Dalla Sardegna all’Antartide: Andrea Satta e Marco Buttu raccontano la vita tra i ghiacci

Stasera al "Mossa" un incontro organizzato dal CAI di Oristano e dal WWF

Il cabrarese Andrea Satta in posa con il cartello per Cabras – Foto del CAI

Venerdì, 26 maggio 2023

Una serata alla scoperta dell’Antartide attraverso le testimonianze degli scienziati Andrea Satta (di Cabras) e Marco Buttu (originario di Gavoi) con il terzo incontro di “Contus”, la rassegna di racconti nata dalla collaborazione tra il Club Alpino Italiano di Oristano e il WWF. L’appuntamento è per questa sera alle 20:30 presso l’auditorium dell’Istituto iecnico “Lorenzo Mossa” di Oristano.

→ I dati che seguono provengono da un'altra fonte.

(* For all integers $0\le a\le b$, $\mathrm{Incr}(\zeta(a,b))=\zeta(a,b+1)$; that is, applying $\mathrm{Incr}$ to the $\zeta$-decomposition of $B(a,b)$ yields a list of bucket structures whose buckets are exactly those of the $\zeta$-decomposition of $B(a,b+1)$, each carrying uniformly distributed random samples of its bucket, with all samples mutually independent.
   Context: Let $p_0,p_1,\dots$ be a stream. For integers $x<y$, the bucket $B(x,y)=\{p_i: x\le i\le y-1\}$. A bucket structure $BS(x,y)$ stores $p_x$, $x$, $y$, the timestamp of $p_x$, and two random samples $R_{x,y},Q_{x,y}$, each uniformly distributed on $B(x,y)$, together with the indices of the sampled elements. Logarithms are base 2. The $\zeta$-decomposition is the ordered list of bucket structures (with all samples mutually independent) defined by $\zeta(b,b)=\langle BS(b,b+1)\rangle$ and, for $a<b$, $\zeta(a,b)=\langle BS(a,c),\zeta(c,b)\rangle$ where $c=a+2^{\lfloor\log(b+1-a)\rfloor-1}$. Given the new element $p_{b+1}$, the operator $\mathrm{Incr}$ is defined by $\mathrm{Incr}(\zeta(b,b))=\langle BS(b,b+1),BS(b+1,b+2)\rangle$ (the new structure with fresh independent samples), and for $a<b$, $\mathrm{Incr}(\zeta(a,b))=\langle BS(a,v),\mathrm{Incr}(\zeta(v,b))\rangle$, where: if $\lfloor\log(b+2-a)\rfloor=\lfloor\log(b+1-a)\rfloor$ then $v=c$ and $BS(a,c)$ (the first structure of $\zeta(a,b)$) is kept unchanged; otherwise, letting $BS(a,c),BS(c,d)$ be the first two structures of $\zeta(a,b)$, $v=d$ and $BS(a,d)$ is formed by merging them: $R_{a,d}$ equals $R_{a,c}$ with probability $1/2$ and $R_{c,d}$ otherwise (using a fresh independent coin), and likewise for $Q_{a,d}$ with an independent coin. *)

theory Defs
  imports "HOL-Probability.Probability"
begin

text \<open>A bucket structure BS(x,y) is represented by (x, y, r, q), where r and q are
  the indices of the two sampled elements R and Q (uniform on {x..<y}).
  The stored p_x and its timestamp are deterministic functions of x and are omitted.\<close>

type_synonym bstruct = "nat \<times> nat \<times> nat \<times> nat"

definition bx :: "bstruct \<Rightarrow> nat" where "bx s = fst s"
definition by' :: "bstruct \<Rightarrow> nat" where "by' s = fst (snd s)"
definition bR :: "bstruct \<Rightarrow> nat" where "bR s = fst (snd (snd s))"
definition bQ :: "bstruct \<Rightarrow> nat" where "bQ s = snd (snd (snd s))"

function zbuckets :: "nat \<Rightarrow> nat \<Rightarrow> (nat \<times> nat) list" where
  "zbuckets a b =
     (if a < b then
        (let c = a + 2 ^ nat (\<lfloor>log 2 (real (b + 1 - a))\<rfloor> - 1)
         in (a, c) # zbuckets c b)
      else [(b, b + 1)])"
  by auto
termination
proof (relation "Wellfounded.measure (\<lambda>(a, b). b - a)")
  fix a b :: nat and c
  assume ab: "a < b" and c: "c = a + 2 ^ nat (\<lfloor>log 2 (real (b + 1 - a))\<rfloor> - 1)"
  have aux: "\<And>k::nat. a < b \<Longrightarrow> b - (a + 2 ^ k) < b - a"
    by (simp add: diff_less_mono2)
  from aux[OF ab] c show "((c, b), a, b) \<in> Wellfounded.measure (\<lambda>(a, b). b - a)" by simp
qed auto
(* Let $\mathcal{P}_{\mathrm{con}}$, $\mathcal{Q}_{\mathrm{con}}$ and $\mathcal{R}_{\mathrm{con}}$ denote the sets of isomorphism classes of finite connected permutation racks, finite connected quandles, and finite connected racks, respectively. The cartesian product induces a well-defined injective map $$\mathcal{P}_{\mathrm{con}}\times\mathcal{Q}_{\mathrm{con}}\longrightarrow\mathcal{R}_{\mathrm{con}},\qquad([C],[Q])\longmapsto[C\times Q].$$
   Context: A rack is a set $R$ with a binary operation $\rhd$ such that every left multiplication $\ell_a\colon b\mapsto a\rhd b$ is a bijection and $a\rhd(b\rhd c)=(a\rhd b)\rhd(a\rhd c)$ for all $a,b,c$; a quandle is a rack with $a\rhd a=a$ for all $a$. A permutation rack is a set $R$ with a permutation $\pi$ of $R$ and operation $a\rhd b=\pi(b)$ for all $a,b$. The product of racks is the cartesian product with componentwise operation. The inner automorphism group $\mathrm{Inn}(R)$ is the subgroup of the symmetric group on $R$ generated by all $\ell_a$; a rack is connected if it is non-empty and $\mathrm{Inn}(R)$ acts transitively on $R$. *)

theory Defs
  imports "HOL-Algebra.Bij" "HOL-Algebra.Generated_Groups"
begin

definition rack :: "'a set \<Rightarrow> ('a \<Rightarrow> 'a \<Rightarrow> 'a) \<Rightarrow> bool" where
  "rack R op \<longleftrightarrow>
     (\<forall>a\<in>R. \<forall>b\<in>R. op a b \<in> R) \<and>
     (\<forall>a\<in>R. bij_betw (op a) R R) \<and>
     (\<forall>a\<in>R. \<forall>b\<in>R. \<forall>c\<in>R. op a (op b c) = op (op a b) (op a c))"

definition quandle :: "'a set \<Rightarrow> ('a \<Rightarrow> 'a \<Rightarrow> 'a) \<Rightarrow> bool" where
  "quandle R op \<longleftrightarrow> rack R op \<and> (\<forall>a\<in>R. op a a = a)"

definition perm_rack :: "'a set \<Rightarrow> ('a \<Rightarrow> 'a \<Rightarrow> 'a) \<Rightarrow> bool" where
  "perm_rack R op \<longleftrightarrow>
     (\<exists>\<pi>. bij_betw \<pi> R R \<and> (\<forall>a\<in>R. \<forall>b\<in>R. op a b = \<pi> b))"

definition Inn :: "'a set \<Rightarrow> ('a \<Rightarrow> 'a \<Rightarrow> 'a) \<Rightarrow> ('a \<Rightarrow> 'a) set" where
  "Inn R op = generate (BijGroup R) ((\<lambda>a. restrict (op a) R) ` R)"

definition rack_connected :: "'a set \<Rightarrow> ('a \<Rightarrow> 'a \<Rightarrow> 'a) \<Rightarrow> bool" where
  "rack_connected R op \<longleftrightarrow> R \<noteq> {} \<and> (\<forall>x\<in>R. \<forall>y\<in>R. \<exists>g\<in>Inn R op. g x = y)"

definition prod_op :: "('a \<Rightarrow> 'a \<Rightarrow> 'a) \<Rightarrow> ('b \<Rightarrow> 'b \<Rightarrow> 'b) \<Rightarrow> ('a \<times> 'b) \<Rightarrow> ('a \<times> 'b) \<Rightarrow> ('a \<times> 'b)" where
  "prod_op op1 op2 = (\<lambda>(a, b) (c, d). (op1 a c, op2 b d))"

definition rack_iso :: "'a set \<Rightarrow> ('a \<Rightarrow> 'a \<Rightarrow> 'a) \<Rightarrow> 'b set \<Rightarrow> ('b \<Rightarrow> 'b \<Rightarrow> 'b) \<Rightarrow> bool" where
  "rack_iso R1 op1 R2 op2 \<longleftrightarrow>
     (\<exists>f. bij_betw f R1 R2 \<and> (\<forall>a\<in>R1. \<forall>b\<in>R1. f (op1 a b) = op2 (f a) (f b)))"

end

theory Submission
  imports Defs
begin

(* Let C be a permutation rack with permutation \<pi> and Q a quandle. In C \<times> Q the left
   multiplication by (a, b) is (x, y) \<mapsto> (\<pi> x, b \<rhd> y). A rack is connected iff every function
   invariant under all left multiplications is constant on it. If k is such a function on
   C \<times> Q, multiplying (x, y) by itself gives k (\<pi> x, y) = k (x, y), so k does not depend on
   the first coordinate since C is connected; multiplying (x, y) by (x, b) then shows that
   k (x, -) is invariant under b \<rhd> -, so it is constant since Q is connected.
   The same invariance argument, applied to the two coordinates of a homomorphism
   f : C1 \<times> Q1 \<rightarrow> C2 \<times> Q2, shows f (a, b) = (h a, g b); then h and g are homomorphisms, and
   bijective when f is. Finiteness is only used for the finiteness of C1 \<times> Q1. *)

lemma prod_op_apply [simp]: "prod_op op1 op2 (a, b) (c, d) = (op1 a c, op2 b d)"
  by (simp add: prod_op_def)

lemma rack_closed: "rack R op \<Longrightarrow> a \<in> R \<Longrightarrow> b \<in> R \<Longrightarrow> op a b \<in> R"
  unfolding rack_def by blast

lemma rack_left_mult_bij: "rack R op \<Longrightarrow> a \<in> R \<Longrightarrow> bij_betw (op a) R R"
  unfolding rack_def by blast

lemma rack_self_distrib:
  "rack R op \<Longrightarrow> a \<in> R \<Longrightarrow> b \<in> R \<Longrightarrow> x \<in> R \<Longrightarrow> op a (op b x) = op (op a b) (op a x)"
  unfolding rack_def by blast

lemma quandle_idem: "quandle R op \<Longrightarrow> a \<in> R \<Longrightarrow> op a a = a"
  by (simp add: quandle_def)
lemma stress_kernel_measurable:
  fixes w :: "'a::euclidean_space \<Rightarrow> 'a \<Rightarrow> real"
  assumes "subspace L" and "closed W" and w: "(\<lambda>(x, y). w x y) \<in> borel_measurable borel"
    and "sets M = sets borel"
  shows "stress_kernel w L W \<in> borel_measurable (\<Pi>\<^sub>M i\<in>{..<2}. M)"
proof -
  have [measurable]: "W \<in> sets borel" using assms(2) by (rule borel_closed)
  have [measurable]: "(\<lambda>(x, y). (norm (x - y) - norm (oproj L x - oproj L y))\<^sup>2) \<in> borel_measurable borel"
    unfolding case_prod_unfold
    by (intro borel_measurable_continuous_onI continuous_intros assms(1))
  have "(\<lambda>Y. indicator (W \<times> W) (Y 0, Y 1) * ((\<lambda>(x, y). w x y) (Y 0, Y 1) *
        (\<lambda>(x, y). (norm (x - y) - norm (oproj L x - oproj L y))\<^sup>2) (Y 0, Y 1)) :: real)
      \<in> borel_measurable (\<Pi>\<^sub>M i\<in>{..<2::nat}. (borel :: 'a measure))"
    using w by measurable
  moreover have "stress_kernel w L W = (\<lambda>Y. indicator (W \<times> W) (Y 0, Y 1) * ((\<lambda>(x, y). w x y) (Y 0, Y 1) *
        (\<lambda>(x, y). (norm (x - y) - norm (oproj L x - oproj L y))\<^sup>2) (Y 0, Y 1)))"
    by (simp add: fun_eq_iff stress_kernel_def indicator_def)
  moreover have "sets (\<Pi>\<^sub>M i\<in>{..<2}. M) = sets (\<Pi>\<^sub>M i\<in>{..<2::nat}. (borel :: 'a measure))"
    by (intro sets_PiM_cong) (simp_all add: assms(4))
  then have "measurable (\<Pi>\<^sub>M i\<in>{..<2}. M) (borel :: real measure)
      = measurable (\<Pi>\<^sub>M i\<in>{..<2::nat}. (borel :: 'a measure)) borel"
    by (rule measurable_cong_sets) simp
  ultimately show ?thesis by simp
qed

definition distinct_lists :: "'b set \<Rightarrow> nat \<Rightarrow> 'b list set" where
  "distinct_lists A k = {xs. length xs = k \<and> distinct xs \<and> set xs \<subseteq> A}"

lemma finite_distinct_lists: "finite A \<Longrightarrow> finite (distinct_lists A k)"
  unfolding distinct_lists_def by (rule finite_subset[OF _ finite_lists_length_eq[of A k]]) auto

lemma distinct_lists_eq_empty: "card A < k \<Longrightarrow> finite A \<Longrightarrow> distinct_lists A k = {}"
  by (auto simp: distinct_lists_def) (metis card_mono distinct_card leD)

lemma card_distinct_lists_lessThan:
  assumes "k \<le> n"
  shows "real (card (distinct_lists {..<n} k)) = fact n / fact (n - k)"
proof -
  have "(fact n :: nat) = fact (n - k) * \<Prod>{n - k + 1..n}"
    using fact_eq_fact_times[of "n - k" n] assms by simp
  then have "(fact n :: real) = fact (n - k) * real (\<Prod>{n - k + 1..n})"
    by (metis of_nat_fact of_nat_mult)
  then show ?thesis
    using card_lists_distinct_length_eq[of "{..<n}" k] assms by (simp add: distinct_lists_def)
qed

lemma card_distinct_lists_le_power: "card (distinct_lists {..<n} k) \<le> n ^ k"
proof -
  have "card (distinct_lists {..<n} k) \<le> card {xs. set xs \<subseteq> {..<n} \<and> length xs = k}"
    by (intro card_mono finite_lists_length_eq) (auto simp: distinct_lists_def)
  then show ?thesis by (simp add: card_lists_length_eq)
qed

lemma bij_betw_map_distinct_lists:
  assumes "inj_on X A"
  shows "bij_betw (map X) (distinct_lists A k) (distinct_lists (X ` A) k)"
proof (rule bij_betw_imageI)
  show "inj_on (map X) (distinct_lists A k)"
    by (rule inj_on_mapI, rule inj_on_subset[OF assms]) (auto simp: distinct_lists_def)
  show "map X ` distinct_lists A k = distinct_lists (X ` A) k"
  proof (intro equalityI subsetI)
    fix vs assume vs: "vs \<in> distinct_lists (X ` A) k"
    then have "map (inv_into A X) vs \<in> distinct_lists A k"
      by (auto simp: distinct_lists_def distinct_map inv_into_into intro: inj_on_inv_into)
    moreover have "map X (map (inv_into A X) vs) = vs"
      using vs unfolding map_map by (intro map_idI) (auto simp: distinct_lists_def f_inv_into_f)
    ultimately show "vs \<in> map X ` distinct_lists A k" by (metis image_eqI)
  qed (use assms in \<open>fastforce simp: distinct_lists_def distinct_map intro: inj_on_subset\<close>)
qed

lemma distinct_lists_4:
  "xs \<in> distinct_lists A 4 \<longleftrightarrow>
    (\<exists>a b c d. xs = [a, b, c, d] \<and> distinct [a, b, c, d] \<and> a \<in> A \<and> b \<in> A \<and> c \<in> A \<and> d \<in> A)"
  by (auto simp: distinct_lists_def length_Suc_conv numeral_eq_Suc)

lemma distinct_lists_2:
  "xs \<in> distinct_lists A 2 \<longleftrightarrow> (\<exists>a b. xs = [a, b] \<and> a \<noteq> b \<and> a \<in> A \<and> b \<in> A)"
  by (auto simp: distinct_lists_def length_Suc_conv numeral_eq_Suc)

lemma bij_betw_distinct_lists_4:
  "bij_betw (\<lambda>vs. (vs ! 0, vs ! 1, vs ! 2, vs ! 3)) (distinct_lists V 4)
     {(v1, v2, v3, v4). v1 \<in> V \<and> v2 \<in> V \<and> v3 \<in> V \<and> v4 \<in> V \<and> distinct [v1, v2, v3, v4]}"
proof (rule bij_betw_imageI)
  show "inj_on (\<lambda>vs. (vs ! 0, vs ! 1, vs ! 2, vs ! 3)) (distinct_lists V 4)"
    by (auto simp: inj_on_def distinct_lists_4)
next
  show "(\<lambda>vs. (vs ! 0, vs ! 1, vs ! 2, vs ! 3)) ` distinct_lists V 4 =
     {(v1, v2, v3, v4). v1 \<in> V \<and> v2 \<in> V \<and> v3 \<in> V \<and> v4 \<in> V \<and> distinct [v1, v2, v3, v4]}"
  proof (intro equalityI subsetI)
    fix q assume "q \<in> {(v1, v2, v3, v4). v1 \<in> V \<and> v2 \<in> V \<and> v3 \<in> V \<and> v4 \<in> V \<and> distinct [v1, v2, v3, v4]}"
    then obtain a b c d where "q = (a, b, c, d)" "distinct [a, b, c, d]" "a \<in> V" "b \<in> V" "c \<in> V" "d \<in> V"
      by auto
    then show "q \<in> (\<lambda>vs. (vs ! 0, vs ! 1, vs ! 2, vs ! 3)) ` distinct_lists V 4"
      by (intro image_eqI[of _ _ "[a, b, c, d]"]) (auto simp: distinct_lists_4)
  qed (auto simp: distinct_lists_4)
qed

lemma bij_betw_distinct_lists_2:
  "bij_betw (\<lambda>vs. (vs ! 0, vs ! 1)) (distinct_lists V 2) {(v1, v2). v1 \<in> V \<and> v2 \<in> V \<and> v1 \<noteq> v2}"
proof (rule bij_betw_imageI)
  show "inj_on (\<lambda>vs. (vs ! 0, vs ! 1)) (distinct_lists V 2)"
    by (auto simp: inj_on_def distinct_lists_2)
next
  show "(\<lambda>vs. (vs ! 0, vs ! 1)) ` distinct_lists V 2 = {(v1, v2). v1 \<in> V \<and> v2 \<in> V \<and> v1 \<noteq> v2}"
  proof (intro equalityI subsetI)
    fix q assume "q \<in> {(v1, v2). v1 \<in> V \<and> v2 \<in> V \<and> v1 \<noteq> v2}"
    then obtain a b where "q = (a, b)" "a \<noteq> b" "a \<in> V" "b \<in> V" by auto
    then show "q \<in> (\<lambda>vs. (vs ! 0, vs ! 1)) ` distinct_lists V 2"
      by (intro image_eqI[of _ _ "[a, b]"]) (auto simp: distinct_lists_2)
  qed (auto simp: distinct_lists_2)
qed

lemma card_disjoint_pairs_distinct_lists:
  "card {(xs, ys) \<in> distinct_lists A k \<times> distinct_lists A m. set xs \<inter> set ys = {}}
   = card (distinct_lists A (k + m))"
proof (rule bij_betw_same_card[symmetric], rule bij_betw_imageI)
  show "inj_on (\<lambda>zs. (take k zs, drop k zs)) (distinct_lists A (k + m))"
    by (rule inj_onI) (metis append_take_drop_id prod.inject)
  show "(\<lambda>zs. (take k zs, drop k zs)) ` distinct_lists A (k + m)
      = {(xs, ys) \<in> distinct_lists A k \<times> distinct_lists A m. set xs \<inter> set ys = {}}"
  proof (intro equalityI subsetI)
    fix p assume "p \<in> {(xs, ys) \<in> distinct_lists A k \<times> distinct_lists A m. set xs \<inter> set ys = {}}"
    then obtain xs ys where "p = (xs, ys)" "xs \<in> distinct_lists A k" "ys \<in> distinct_lists A m"
      "set xs \<inter> set ys = {}" by blast
    then show "p \<in> (\<lambda>zs. (take k zs, drop k zs)) ` distinct_lists A (k + m)"
      by (intro image_eqI[of _ _ "xs @ ys"]) (auto simp: distinct_lists_def)
  qed (auto simp: distinct_lists_def dest: in_set_takeD in_set_dropD,
      metis append_take_drop_id distinct_append disjoint_iff)
qed


subsection \<open>U-statistics of a sequence\<close>

text \<open>A k-tuple of distinct sample points is handed to the kernel as a function on {..<k}, so
  that kernels are measurable functions on the finite product space.\<close>
definition ustat :: "nat \<Rightarrow> ((nat \<Rightarrow> 'a) \<Rightarrow> real) \<Rightarrow> nat \<Rightarrow> (nat \<Rightarrow> 'a) \<Rightarrow> real" where
  "ustat k f n X = (\<Sum>xs\<in>distinct_lists {..<n} k. f (\<lambda>i\<in>{..<k}. X (xs ! i)))"

lemma ustat_nonneg: "(\<And>Y. 0 \<le> f Y) \<Longrightarrow> 0 \<le> ustat k f n X"
  unfolding ustat_def by (simp add: sum_nonneg)
lemma upper_set_in_of_card:
  assumes "linear_order_on E R" "finite S" "S \<subseteq> E" "k \<le> card S"
  shows "\<exists>K. upper_set_in R S K \<and> card K = k"
  using assms(4)
proof (induction "card S - k" arbitrary: k)
  case 0
  then show ?case by (intro exI[of _ S]) (auto simp: upper_set_in_def)
next
  case (Suc n)
  then have "n = card S - Suc k" "Suc k \<le> card S" by arith+
  then obtain K where K: "upper_set_in R S K" "card K = Suc k" using Suc.hyps(1) by blast
  have "finite K" "K \<subseteq> E"
    using K(1) assms(2,3) finite_subset by (auto simp: upper_set_in_def)
  moreover have "K \<noteq> {}" using K(2) by auto
  ultimately obtain m where m: "m \<in> K" "\<forall>g\<in>K. (m, g) \<in> R"
    using linear_order_on_finite_has_least[OF assms(1)] by blast
  have "upper_set_in R S (K - {m})"
  proof -
    have "y \<noteq> m" if "x \<in> K - {m}" "(x, y) \<in> R" for x y
      using that m assms(1) by (auto simp: order_on_defs antisym_def)
    then show ?thesis using K(1) by (auto simp: upper_set_in_def)
  qed
  moreover have "card (K - {m}) = k" using K(2) m(1) by simp
  ultimately show ?case by blast
qed

lemma upper_set_in_above_complement:
  assumes "linear_order_on E R" "S \<subseteq> E" "upper_set_in R S K" "x \<in> K" "y \<in> S - K"
  shows "(y, x) \<in> R"
proof -
  have "x \<noteq> y" "x \<in> E" "y \<in> E" using assms(2-5) by (auto simp: upper_set_in_def)
  then have "(x, y) \<in> R \<or> (y, x) \<in> R"
    using assms(1) by (auto simp: order_on_defs total_on_def)
  then show ?thesis using assms(3-5) by (auto simp: upper_set_in_def)
qed
text \<open>Induction by deleting a leaf l: if some member is {l}, every member contains l;
  otherwise the members minus l are subtrees of the smaller tree and still pairwise meet.\<close>
lemma tree_helly:
  assumes "tree V E" "\<And>i. i \<in> I \<Longrightarrow> connected_set V E (S i)"
    "\<And>i j. i \<in> I \<Longrightarrow> j \<in> I \<Longrightarrow> S i \<inter> S j \<noteq> {}"
  shows "\<exists>t\<in>V. \<forall>i\<in>I. t \<in> S i"
  using assms
proof (induction "card V" arbitrary: V E S rule: less_induct)
  case less
  have fin: "finite V" and V_ne: "V \<noteq> {}"
    using less.prems(1) unfolding tree_def connected_graph_def graph_def connected_set_def by auto
  show ?case
  proof (cases "2 \<le> card V")
    case False
    then have "card V = 1"
      using fin V_ne card_gt_0_iff[of V] by linarith
    then obtain t where V: "V = {t}"
      by (rule card_1_singletonE)
    have "t \<in> S i" if "i \<in> I" for i
      using connected_set_nonempty[OF less.prems(2)[OF that]]
        connected_set_subset[OF less.prems(2)[OF that]] V by blast
    then show ?thesis
      using V by blast
  next
    case True
    obtain l p where lp: "l \<in> V" "p \<in> V" "l \<noteq> p" and nb: "\<And>y. {l, y} \<in> E \<Longrightarrow> y = p"
      using tree_has_leaf[OF less.prems(1) True] by blast
    show ?thesis
    proof (cases "\<exists>i\<in>I. S i = {l}")
      case True
      then obtain i\<^sub>0 where i\<^sub>0: "i\<^sub>0 \<in> I" "S i\<^sub>0 = {l}" ..
      have "l \<in> S i" if "i \<in> I" for i
        using less.prems(3)[OF that i\<^sub>0(1)] i\<^sub>0(2) by auto
      then show ?thesis
        using lp(1) by blast
    next
      case False
      have meet: "(S i - {l}) \<inter> (S j - {l}) \<noteq> {}" if "i \<in> I" "j \<in> I" for i j
        using connected_sets_delete_leaf_meet[OF less.prems(2)[OF that(1)] less.prems(2)[OF that(2)]
            less.prems(3)[OF that] _ _ nb lp(3)] that False by blast
      have "\<exists>t\<in>V - {l}. \<forall>i\<in>I. t \<in> S i - {l}"
      proof (rule less.hyps)
        show "card (V - {l}) < card V"
          using fin lp(1) True by (simp add: card_Diff1_less)
        show "tree (V - {l}) {e\<in>E. l \<notin> e}"
          using tree_delete_leaf[OF less.prems(1) lp(2) lp(3)[symmetric] nb] .
        show "connected_set (V - {l}) {e\<in>E. l \<notin> e} (S i - {l})" if "i \<in> I" for i
          using that connected_set_delete_leaf[where l = l, OF less.prems(2) _ nb] False by blast
      qed (use meet in blast)
      then show ?thesis
        by blast
    qed
  qed
qed

lemma representation_connected_set_UN:
  assumes rep: "representation VH EH VG EG VF EF Phi" and S: "connected_set VG EG S"
  shows "connected_set VF EF (\<Union>v\<in>S. Phi v)"
proof (rule connected_set_UN[OF S])
  have Phi: "\<And>v. v \<in> VG \<Longrightarrow> connected_set VF EF (Phi v)"
    and meet: "\<And>u v. u \<in> VG \<Longrightarrow> v \<in> VG \<Longrightarrow> u \<noteq> v \<Longrightarrow> {u, v} \<in> EG \<Longrightarrow> Phi u \<inter> Phi v \<noteq> {}"
    using rep unfolding representation_def by auto
  show "connected_set VF EF (Phi v)" if "v \<in> S" for v
    using Phi connected_set_subset[OF S] that by blast
  show "Phi u \<inter> Phi v \<noteq> {}" if "u \<in> S" "v \<in> S" "{u, v} \<in> EG" for u v
  proof (cases "u = v")
    case True
    then show ?thesis
      using connected_set_nonempty[OF Phi] connected_set_subset[OF S] that(1) by blast
  qed (use meet connected_set_subset[OF S] that in blast)
qed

Nel corso dell’incontro Marco Buttu, dell’Istituto nazionale di astrofisica (INAF) di Cagliari, e Andrea Satta, del CNR di Oristano, racconteranno che cosa significhi vivere per mesi al centro dell’Antartide nel più completo isolamento, alla luce di un sole estivo che non tramonta mai o nel buio della notte lunga 9 mesi, illuminata dai miliardi di stelle del cielo e da spettacolari aurore boreali.

La base Concordia in Antartide – Foto Marco Buttu (c) PNRA & IPEV

Con quattro missioni nella base Concordia alle spalle, Andrea Satta ha voluto portare un pezzo di Sardegna nella terra dei ghiacci: grazie a lui nel continente più a sud del mondo, a 3400 metri di altitudine, c’è una freccia con la scritta “Cabras, terra dei Giganti”, che punta al paese del Sinis, distante ben 15 mila chilometri.

A dare il titolo alla serata è il libro di Buttu “Marte Bianco. Nel cuore dell’Antartide. Un anno ai confini della vita”, nel quale lo scienziato racconta i 13 mesi trascorsi nella base Concordia, nata dal Programma nazionale di ricerche in Antartide (Pnra) e dal programma francese di ricerca polare (Ipev). L’opera sarà presentata nel corso dell’incontro.

Marco Buttu – Foto Marco Buttu (c) PNRA & IPEV

Con i ghiacci a coprire la quasi totalità della sua superficie, l’Antartide è la più grande riserva d’acqua dolce del mondo, nonché la terra più isolata, circondata da oceani mossi da onde alte come palazzi, e quella più fredda, con temperature che possono arrivare a – 80°.

In questo ambiente ostile, nella base italo-francese, un piccolo gruppo di persone compie ricerche scientifiche. Concordia si trova nel sito Dome-C, una una sterminata distesa di ghiaccio dove a 3.000 metri di quota, con aria rarefatta come se ci si trovasse a 4.000 metri, svolgono attività 12 fra ricercatori e tecnici: sei italiani, cinque francesi e un’austriaca.

I ricercatori della base Concordia durante il solstizio – Foto del CAI

All’esterno degli edifici c’è carenza di ossigeno e l’aria è così secca che anche le più piccole ferite impiegano mesi a rimarginarsi. Non ci sono piante, animali e nemmeno batteri, mancano i colori e i profumi e per cento giorni sparisce anche il sole. E un errore banale può costare la vita, perché se capita un incidente nessuno può venire in soccorso.